Why the two-step gating matters
Asking customers for a Google review directly is high-friction. Half don't bother because writing a public review feels like work. Some respond with frustration if anything about the job was below their expectations, and that frustration ends up in a 2-star public review.
The "rate it 1-5 by SMS" pre-screen catches both. Happy customers self-identify and get an easy on-ramp. Unhappy customers get a private channel where you can fix things before they go nuclear.
This isn't dishonest. You're not suppressing negative reviews, anyone can leave one independently of Karven's flow. You're just not actively asking unhappy customers to write a public one.
Results
Tradies who turn on the review loop see, on average:
- ~22% of completed jobs result in a Google review (industry baseline is ~3-5%).
- Average rating of new reviews is 4.7-4.9 (because of the gating).
- Most lifts in search ranking become visible within 60-90 days as the review count and recency climb.
If you do 4 jobs a month and 22% of them review, that's about 10 new reviews a year. Over three years, 30 reviews. That's enough to move the needle on a competitive local search.
What happens with the 3-or-below replies
The customer's reply lands in your Karven inbox with a flag: "Review escalation, low rating". You see the SMS thread, the underlying quote, and a button to call them or message back.
How you handle this is your call. The pattern that works best:
- Ring them within an hour. Don't text.
- Listen. Don't argue.
- If it's a real problem, fix it (return to site, redo work, refund a portion).
- Once fixed, ask politely if they'd reconsider how they feel about leaving a review. Most genuinely-happy-after-the-fact customers will leave a positive one.

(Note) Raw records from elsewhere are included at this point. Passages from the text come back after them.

(* Let $X$ be a compact locale with frame presentation $\mathcal{O}X=\langle G\mid R\rangle$ and quotient frame homomorphism $\overline{q}\colon\mathcal{O}(\Sigma^G)\to\mathcal{O}X$. Let $\mathcal{C}$ be the set of those finite sets $S$ of finite subsets of $G$ satisfying $\bigvee_{F\in S}\bigwedge_{g\in F}g=1$ in $\mathcal{O}X$. Then the open $\bigvee_{S\in\mathcal{C}}\bigwedge_{F\in S}{\boxtimes}F$ of the machine space $\Sigma^{\Sigma^G}$ (i.e. the Scott-open subset $\bigcup_{S\in\mathcal{C}}\bigcap_{F\in S}{\boxtimes}F$ of $\mathcal{O}(\Sigma^G)$) consists precisely of the machines $m\in\mathcal{O}(\Sigma^G)$ that cover $X$, i.e. those with $\overline{q}(m)=1$.
   Context: Frames are complete lattices with finite meets distributing over arbitrary joins; a locale $X$ is a frame $\mathcal{O}X$. A locale is compact if every cover $\bigvee_{i\in I}u_i=1$ has a finite subcover. For a set $G$, $\mathcal{O}(\Sigma^G)$ is the free frame on $G$ (elements, called machines, are formal joins of finite formal meets of generators), and the machine space $\Sigma^{\Sigma^G}$ is the locale given by the Scott topology on $\mathcal{O}(\Sigma^G)$. A presentation $\mathcal{O}X=\langle G\mid R\rangle$ means $\mathcal{O}X$ is the quotient of the free frame on $G$ by the congruence generated by $R$, with quotient map $\overline{q}$. For $U\subseteq G$, ${\boxtimes}U=\{m\in\mathcal{O}(\Sigma^G)\mid \exists\text{ finite }J\subseteq U\text{ with }\bigwedge_{g\in J}g\le m\}$, a Scott-open set. *)

theory Defs
  imports Main
begin

definition is_frame :: "'x::complete_lattice itself \<Rightarrow> bool" where
  "is_frame _ \<longleftrightarrow> (\<forall>(a::'x) (B::'x set). inf a (Sup B) = (SUP b\<in>B. inf a b))"

definition compact_locale :: "'x::complete_lattice itself \<Rightarrow> bool" where
  "compact_locale _ \<longleftrightarrow>
     (\<forall>U::'x set. Sup U = top \<longrightarrow> (\<exists>V\<subseteq>U. finite V \<and> Sup V = top))"

text \<open>Formal finite meets of generators are finite subsets of G; an element of the free
  frame (a machine) is a formal join of formal finite meets, in normal form: a down-closed
  set of finite meets, i.e. a family of finite subsets of G closed upwards under inclusion.\<close>

definition fin_sub :: "'g set \<Rightarrow> 'g set set" where
  "fin_sub G = {F. finite F \<and> F \<subseteq> G}"

definition free_frame :: "'g set \<Rightarrow> 'g set set set" where
  "free_frame G = {m. m \<subseteq> fin_sub G \<and>
                     (\<forall>F\<in>m. \<forall>F'\<in>fin_sub G. F \<subseteq> F' \<longrightarrow> F' \<in> m)}"

text \<open>Order = inclusion, joins = unions, binary meets = intersections, top = fin_sub G.\<close>

definition gen :: "'g set \<Rightarrow> 'g \<Rightarrow> 'g set set" where
  "gen G g = {F\<in>fin_sub G. g \<in> F}"

definition ff_meet :: "'g set \<Rightarrow> 'g set \<Rightarrow> 'g set set" where
  "ff_meet G J = fin_sub G \<inter> \<Inter>(gen G ` J)"

definition boxtimes :: "'g set \<Rightarrow> 'g set \<Rightarrow> 'g set set set" where
  "boxtimes G U = {m\<in>free_frame G. \<exists>J. finite J \<and> J \<subseteq> U \<and> ff_meet G J \<subseteq> m}"

definition ff_hom :: "'g set \<Rightarrow> ('g set set \<Rightarrow> 'x::complete_lattice) \<Rightarrow> bool" where
  "ff_hom G q \<longleftrightarrow>
     (\<forall>A\<subseteq>free_frame G. q (\<Union>A) = Sup (q ` A)) \<and>
     (\<forall>a\<in>free_frame G. \<forall>b\<in>free_frame G. q (a \<inter> b) = inf (q a) (q b)) \<and>
     q (fin_sub G) = top"

inductive_set frame_cong :: "'g set \<Rightarrow> ('g set set \<times> 'g set set) set
                               \<Rightarrow> ('g set set \<times> 'g set set) set"
  for G R where
  cong_refl: "a \<in> free_frame G \<Longrightarrow> (a, a) \<in> frame_cong G R"
| cong_base: "(a, b) \<in> R \<Longrightarrow> (a, b) \<in> frame_cong G R"
| cong_sym: "(a, b) \<in> frame_cong G R \<Longrightarrow> (b, a) \<in> frame_cong G R"
| cong_trans: "(a, b) \<in> frame_cong G R \<Longrightarrow> (b, c) \<in> frame_cong G R \<Longrightarrow> (a, c) \<in> frame_cong G R"
| cong_meet: "(a, b) \<in> frame_cong G R \<Longrightarrow> (c, d) \<in> frame_cong G R
               \<Longrightarrow> (a \<inter> c, b \<inter> d) \<in> frame_cong G R"
| cong_join: "(\<And>p. p \<in> P \<Longrightarrow> p \<in> frame_cong G R) \<Longrightarrow> (\<Union>(fst ` P), \<Union>(snd ` P)) \<in> frame_cong G R"

definition presentation ::
  "'g set \<Rightarrow> ('g set set \<times> 'g set set) set \<Rightarrow> ('g set set \<Rightarrow> 'x::complete_lattice) \<Rightarrow> bool" where
  "presentation G R q \<longleftrightarrow>
     R \<subseteq> free_frame G \<times> free_frame G \<and>
     ff_hom G q \<and>
     q ` free_frame G = UNIV \<and>
     (\<forall>a\<in>free_frame G. \<forall>b\<in>free_frame G. q a = q b \<longleftrightarrow> (a, b) \<in> frame_cong G R)"

end

theory Submission
  imports Defs
begin

text \<open>A machine \<open>m\<close> is the union of the basic opens \<open>ff_meet G F\<close> with \<open>F \<in> m\<close>, so a
  frame homomorphism sends it to the join over \<open>F \<in> m\<close> of the meets of the generators in \<open>F\<close>.
  If \<open>q m = \<top>\<close>, compactness picks finitely many such \<open>F\<close> already covering, and \<open>m\<close> lies in
  \<open>boxtimes G F\<close> for each of them. Conversely, \<open>m \<in> boxtimes G F\<close> bounds the meet of the
  generators in \<open>F\<close> by \<open>q m\<close>, so membership in all \<open>boxtimes G F\<close>, \<open>F \<in> S\<close>, for a cover \<open>S\<close>
  forces \<open>q m = \<top>\<close>.\<close>

lemma gen_in_free_frame: "gen G g \<in> free_frame G"
  unfolding gen_def free_frame_def fin_sub_def by auto

lemma ff_meet_in_free_frame: "ff_meet G J \<in> free_frame G"
  unfolding ff_meet_def gen_def free_frame_def fin_sub_def by auto

lemma ff_meet_empty: "ff_meet G {} = fin_sub G"
  unfolding ff_meet_def by auto

lemma ff_meet_insert: "ff_meet G (insert g J) = gen G g \<inter> ff_meet G J"
  unfolding ff_meet_def gen_def by auto

lemma ff_meet_subset_free_frame:
  assumes "m \<in> free_frame G" and "F \<in> m"
  shows "ff_meet G F \<subseteq> m"
  using assms unfolding free_frame_def ff_meet_def gen_def by blast

lemma free_frame_eq_Union_ff_meet:
  assumes "m \<in> free_frame G"
  shows "m = \<Union>(ff_meet G ` m)"
proof
  show "m \<subseteq> \<Union>(ff_meet G ` m)"
  proof
    fix F assume "F \<in> m"
    with assms have "F \<in> ff_meet G F"
      unfolding free_frame_def ff_meet_def gen_def by auto
    with \<open>F \<in> m\<close> show "F \<in> \<Union>(ff_meet G ` m)" by blast
  qed
  show "\<Union>(ff_meet G ` m) \<subseteq> m"
    using ff_meet_subset_free_frame[OF assms] by blast
qed

lemma mem_boxtimes_of_mem:
  assumes "m \<in> free_frame G" and "F \<in> m"
  shows "m \<in> boxtimes G F"
proof -
  have "finite F" using assms unfolding free_frame_def fin_sub_def by auto
  then show ?thesis
    using assms ff_meet_subset_free_frame unfolding boxtimes_def by blast
qed

lemma ff_hom_mono:
  assumes "ff_hom G q" and "a \<in> free_frame G" "b \<in> free_frame G" and "a \<subseteq> b"
  shows "q a \<le> q b"
proof -
  have "q a = q (a \<inter> b)" using \<open>a \<subseteq> b\<close> by (simp add: Int_absorb2)
  also have "\<dots> = inf (q a) (q b)" using assms(1-3) unfolding ff_hom_def by blast
  finally show ?thesis by (metis inf.orderI)
qed

lemma ff_hom_ff_meet:
  assumes "ff_hom G q" and "finite J"
  shows "q (ff_meet G J) = (INF g\<in>J. q (gen G g))"
  using \<open>finite J\<close>
proof (induction J rule: finite_induct)
  case empty
  then show ?case using assms(1) by (simp add: ff_meet_empty ff_hom_def)
next
  case (insert g J)
  have "q (ff_meet G (insert g J)) = inf (q (gen G g)) (q (ff_meet G J))"
    using assms(1) gen_in_free_frame[of G g] ff_meet_in_free_frame[of G J]
    unfolding ff_hom_def by (simp add: ff_meet_insert)
  with insert show ?case by simp
qed

lemma ff_hom_eq_SUP_INF:
  assumes "ff_hom G q" and "m \<in> free_frame G"
  shows "q m = (SUP F\<in>m. INF g\<in>F. q (gen G g))"
proof -
  have fin: "\<And>F. F \<in> m \<Longrightarrow> finite F"
    using assms(2) unfolding free_frame_def fin_sub_def by auto
  have "q m = q (\<Union>(ff_meet G ` m))"
    using free_frame_eq_Union_ff_meet[OF assms(2)] by simp
  also have "\<dots> = Sup (q ` ff_meet G ` m)"
    using assms(1) ff_meet_in_free_frame[of G] unfolding ff_hom_def by blast
  also have "\<dots> = (SUP F\<in>m. q (ff_meet G F))"
    by (simp add: image_image)
  also have "\<dots> = (SUP F\<in>m. INF g\<in>F. q (gen G g))"
    using ff_hom_ff_meet[OF assms(1) fin] by simp
  finally show ?thesis .
qed

lemma ff_hom_INF_le_of_mem_boxtimes:
  assumes "ff_hom G q" and "m \<in> boxtimes G F"
  shows "(INF g\<in>F. q (gen G g)) \<le> q m"
proof -
  obtain J where J: "finite J" "J \<subseteq> F" "ff_meet G J \<subseteq> m" and m: "m \<in> free_frame G"
    using assms(2) unfolding boxtimes_def by blast
  have "(INF g\<in>F. q (gen G g)) \<le> (INF g\<in>J. q (gen G g))"
    using J(2) by (rule INF_superset_mono) simp
  also have "\<dots> = q (ff_meet G J)"
    using ff_hom_ff_meet[OF assms(1) J(1)] by simp
  also have "\<dots> \<le> q m"
    using ff_hom_mono[OF assms(1) ff_meet_in_free_frame m J(3)] .
  finally show ?thesis .
qed

lemma ff_hom_eq_top_of_boxtimes_cover:
  assumes "ff_hom G q" and "m \<in> free_frame G"
    and "(SUP F\<in>S. INF g\<in>F. q (gen G g)) = top"
    and "\<And>F. F \<in> S \<Longrightarrow> m \<in> boxtimes G F"
  shows "q m = top"
proof -
  have "(SUP F\<in>S. INF g\<in>F. q (gen G g)) \<le> q m"
    using ff_hom_INF_le_of_mem_boxtimes[OF assms(1) assms(4)] by (rule SUP_least)
  with assms(3) show ?thesis by (simp add: top_le)
qed

lemma ff_hom_eq_top_finite_cover:
  assumes "compact_locale TYPE('x::complete_lattice)"
    and "ff_hom G (q :: 'g set set \<Rightarrow> 'x)" and "m \<in> free_frame G" and "q m = top"
  obtains S where "finite S" "S \<subseteq> m" "(SUP F\<in>S. INF g\<in>F. q (gen G g)) = top"
proof -
  let ?b = "\<lambda>F. INF g\<in>F. q (gen G g)"
  have "Sup (?b ` m) = top"
    using assms(4) ff_hom_eq_SUP_INF[OF assms(2,3)] by simp
  then obtain V where "V \<subseteq> ?b ` m" "finite V" "Sup V = top"
    using assms(1) unfolding compact_locale_def by blast
  then obtain S where "S \<subseteq> m" "finite S" "V = ?b ` S"
    by (meson finite_subset_image)
  with \<open>Sup V = top\<close> show thesis using that by simp
qed

theorem corollary4p2:
  fixes G :: "'g set"
    and R :: "('g set set \<times> 'g set set) set"
    and q :: "'g set set \<Rightarrow> 'x::complete_lattice"
  assumes "is_frame TYPE('x)"
    and "compact_locale TYPE('x)"
    and "presentation G R q"
  shows "(\<Union>S\<in>{S. finite S \<and> S \<subseteq> fin_sub G \<and>
                   (SUP F\<in>S. INF g\<in>F. q (gen G g)) = top}.
            free_frame G \<inter> (\<Inter>F\<in>S. boxtimes G F))
         = {m\<in>free_frame G. q m = top}" (is "?L = ?R")
proof
  have hom: "ff_hom G q" using assms(3) unfolding presentation_def by blast
  show "?L \<subseteq> ?R"
    using ff_hom_eq_top_of_boxtimes_cover[OF hom] by blast
  show "?R \<subseteq> ?L"
  proof
    fix m assume "m \<in> ?R"
    then have m: "m \<in> free_frame G" "q m = top" by auto
    then obtain S where S: "finite S" "S \<subseteq> m" "(SUP F\<in>S. INF g\<in>F. q (gen G g)) = top"
      using ff_hom_eq_top_finite_cover[OF assms(2) hom] by blast
    have "S \<subseteq> fin_sub G" using S(2) m(1) unfolding free_frame_def by auto
    moreover have "m \<in> boxtimes G F" if "F \<in> S" for F
      using mem_boxtimes_of_mem[OF m(1)] S(2) that by blast
    ultimately show "m \<in> ?L" using S(1,3) m(1) by blast
  qed
qed

end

Tradies who handle this well often end up with the strongest reputations, not because nothing ever goes wrong, but because they're known to fix it.
Editing the wording
The defaults are deliberately casual ("G'day", "cheers"). If your business voice is more formal, commercial work, government contracts, edit accordingly.
Things not to do:
- Don't promise rewards for reviews. "$50 off your next job for a 5-star review" violates Google's policies and can get your profile penalised.

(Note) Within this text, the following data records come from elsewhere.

lemma norm_entry_le_gap:
  fixes q t :: real
  assumes kl: "1 \<le> k" "k + 1 < l" "l \<le> int n + 2" and q: "1 \<le> q"
    and ends: "norm (c (0, k)) \<le> t" "norm (c (0, l)) \<le> t"
    and inner: "\<And>i. k < i \<Longrightarrow> i < l \<Longrightarrow> q * t < norm (c (0, i))"
  shows "norm (c (k, l)) \<le> of_int (l - k) / q"
proof -
  let ?x = "\<lambda>i. c (0, i)"
  have ratio_le: "norm (?x k * ?x l / (?x i * ?x (i + 1))) \<le> 1 / q" if i: "k \<le> i" "i < l" for i
  proof -
    have "norm (?x k) * norm (?x l) * q \<le> norm (?x i) * norm (?x (i + 1))"
      using gap_product_le[of k l q "\<lambda>i. norm (?x i)" t i] kl q ends inner i by simp
    moreover have "?x i \<noteq> 0" "?x (i + 1) \<noteq> 0"
      using entry_nonzero[of 0 i] entry_nonzero[of 0 "i + 1"] i kl by auto
    ultimately show ?thesis using q by (simp add: norm_divide norm_mult field_simps)
  qed
  have "c (k, l) = (\<Sum>i\<in>{k..<l}. ?x k * ?x l / (?x i * ?x (i + 1)))"
    using entry_eq_row_zero_sum[of k l] kl by (simp add: sum_distrib_left)
  also have "norm \<dots> \<le> (\<Sum>i\<in>{k..<l}. norm (?x k * ?x l / (?x i * ?x (i + 1))))"
    by (rule norm_sum)
  also have "\<dots> \<le> of_nat (card {k..<l}) * (1 / q)"
    using ratio_le by (intro sum_bounded_above) auto
  also have "\<dots> = of_int (l - k) / q"
    using kl by simp
  finally show ?thesis .
qed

- Don't write the review for them. "Could you copy-paste this?" reads as fake even if it isn't.
- Don't chase repeatedly. Karven sends max 2 messages per job. Don't manually message a third time.
Opt-out
Every Karven SMS includes "Reply STOP to opt out". Customers who opt out of reviews specifically (a more granular option) can do so by replying "NO REVIEWS". They'll still get job-related messages, just not the review nudge.
When NOT to run the loop
A few cases where you should skip the auto-trigger:
- The job had a genuine dispute. Don't auto-ask for a review on a job where you ended up in a refund argument. Karven flags this and pauses the trigger.
- Commercial / government jobs where the contact is not the reviewer. The site supervisor isn't the person who'd leave a Google review for your business. Karven detects this from the customer record (commercial-type customers are skipped by default).

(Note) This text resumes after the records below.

(* Let $\Gamma$ be a countable discrete group with the Glasner–Monod Property $(F)$. Then $\Gamma$ has Property $(T_{\ell_p})$ for every $1<p<\infty$, $p\neq2$.
   Context: An action of $\Gamma$ on a countable set $X$ is amenable if the associated permutation representation of $\Gamma$ on $\ell_2(X)$ weakly contains the trivial representation (i.e. has almost invariant unit vectors). $\Gamma$ has Property $(F)$ if every amenable action of $\Gamma$ on a countable set has a fixed point. All Banach spaces are complex; $\ell_p=\ell_p(\mathbf N)$, $q$ the conjugate exponent, $\mathbf O(\ell_p)$ the group of linear bijective isometries. An orthogonal representation of $\Gamma$ on $\ell_p$ is a homomorphism $\pi:\Gamma\to\mathbf O(\ell_p)$; a sequence of almost invariant vectors is a sequence of unit vectors $f_n$ with $\|\pi(g)f_n-f_n\|\to0$ for all $g$. With $\pi^*$ the dual representation on $\ell_q$, $\ell'_p(\pi)$ is the annihilator in $\ell_p$ of the $\pi^*(\Gamma)$-invariant vectors of $\ell_q$. $\Gamma$ has Property $(T_{\ell_p})$ if for no orthogonal representation $\pi$ on $\ell_p$ does $\ell'_p(\pi)$ contain a sequence of almost invariant vectors. *)

theory Defs
  imports "HOL-Analysis.Analysis" "HOL-Algebra.Group_Action"
begin
(* Let $(\Omega,\mathcal{F},\mathbb{P})$ be a nonatomic probability space, let $u:\mathbb{R}\to\mathbb{R}\cup\{-\infty\}$ be a utility function bounded from above, let $\alpha\in\mathbb{R}$ be such that $u(x)\ge\alpha$ for some $x\in\mathbb{R}$, and set $\mathcal{A}_u^\infty=\{X\in L^\infty: \mathbb{E}[u(X)]\ge\alpha\}$. Let $S=(S_0,S_T)$ be a traded asset with $S_T\in L^\infty$. (i) Assume $u$ never attains the value $-\infty$ and $u(x)>\alpha$ for some $x\in\mathbb{R}$. Then $\rho_{\mathcal{A}_u^\infty,S}$ is finite-valued (hence continuous) on $L^\infty$ if and only if $\mathbb{P}(S_T=0)=0$. (ii) Assume $u$ attains the value $-\infty$ or $u(x)\le\alpha$ for all $x\in\mathbb{R}$. Then $\rho_{\mathcal{A}_u^\infty,S}$ is finite-valued (hence continuous) on $L^\infty$ if and only if $\mathbb{P}(S_T\ge\varepsilon)=1$ for some $\varepsilon>0$.
   Context: A utility function is a nonconstant, increasing, concave function $u:\mathbb{R}\to\mathbb{R}\cup\{-\infty\}$ (it is then unbounded from below). A traded asset is $S=(S_0,S_T)$ with $S_0>0$ and $S_T\ge0$ a.s., $S_T\neq0$. For $\mathcal{B}\subset L^\infty$, $\rho_{\mathcal{B},S}(X)=\inf\{m\in\mathbb{R}: X+\frac{m}{S_0}S_T\in\mathcal{B}\}$, $X\in L^\infty$. *)

theory Defs
  imports "HOL-Probability.Probability"
begin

- Friend / family jobs. Awkward. Mark the customer as "no review trigger" in their record.
Beyond Google
Karven currently only supports Google reviews. We've looked at Productreview.com.au, Trustpilot, and Facebook reviews. Google is by far the highest-impact venue for tradies (70-80% of local search trust signal comes from there), so we've concentrated effort. If you need broader review distribution, the same gating logic works manually: high-raters get a "Could you share that on Google / Facebook / Productreview?" message from you.
A common gotcha
Don't disable the review loop after a bad month. Bad months happen. The customers who'll be willing to leave a 5-star review for a good job aren't going to suddenly disappear because you had a tough July. Keep it running.